Lines from the records below that contain the word "summand" are to be copied out.

** Opening Records to process block **

lemma D_inv_indexed_word:
  "D_inv (Poly_Mapping.single (indexed_word k cs) c) =
    (\<Sum>j<length cs. Poly_Mapping.single (indexed_word k (take j cs @ [VY, VX] @ drop (Suc j) cs))
       (c * [:0, 1:] ^ (k + j)))"
proof -
  have summand: "AIO (mulE (mulE (gword (take j (indexed_word k cs))) (rule_ext R_inv (indexed_word k cs ! j)))
          (upE (gword (drop (Suc j) (indexed_word k cs)))))
      = Poly_Mapping.single (indexed_word k (take j cs @ [VY, VX] @ drop (Suc j) cs)) ([:0, 1:] ^ (k + j))"
    if j: "j < length cs" for j
  proof -
    have rule: "rule_ext R_inv (indexed_word k cs ! j)
        = Poly_Mapping.single (indexed_word (k + j) [VY, VX]) ([:0, 1:] ^ (k + j))"
      using j by (simp add: nth_indexed_word gword_positive_word positive_word_def smultE_single)
    have left: "indexed_word k (take j cs) @ indexed_word (k + j) [VY, VX]
        = indexed_word k (take j cs @ [VY, VX])"
      using j by (simp add: indexed_word_append)
    have right: "indexed_word k (take j cs @ [VY, VX]) @ indexed_word (Suc (Suc (k + j))) (drop (Suc j) cs)
        = indexed_word k (take j cs @ [VY, VX] @ drop (Suc j) cs)"
      using j by (simp add: indexed_word_append)
    show ?thesis
      by (simp add: take_indexed_word drop_indexed_word gword_indexed_word rule mulE_single left right
          reduce_positive_word[OF positive_word_indexed_word] upE_indexed_word AIO_indexed_word
          del: indexed_word.simps)
  qed
  show ?thesis
    unfolding D_inv_def qderiv_def linE_single smultE_sum
    by (rule sum.cong) (simp_all add: summand smultE_single)
qed

subsection \<open>Inserting the maximum into a permutation\<close>

definition skip_index :: "nat \<Rightarrow> nat \<Rightarrow> nat" where
  "skip_index g i = (if i \<le> g then i else Suc i)"

definition insert_max :: "nat \<Rightarrow> nat \<Rightarrow> (nat \<Rightarrow> nat) \<Rightarrow> nat \<Rightarrow> nat" where
  "insert_max n g \<sigma> j =
     (if j \<le> g then \<sigma> j else if j = Suc g then Suc n else if j \<le> Suc n then \<sigma> (j - 1) else j)"

lemma strict_mono_skip_index: "strict_mono (skip_index g)"
  by (rule strict_monoI) (auto simp: skip_index_def)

** Closing Records to process block **

**Response to the task**
  have summand: "AIO (mulE (mulE (gword (take j (indexed_word k cs))) (rule_ext R_inv (indexed_word k cs ! j)))
    by (rule sum.cong) (simp_all add: summand smultE_single)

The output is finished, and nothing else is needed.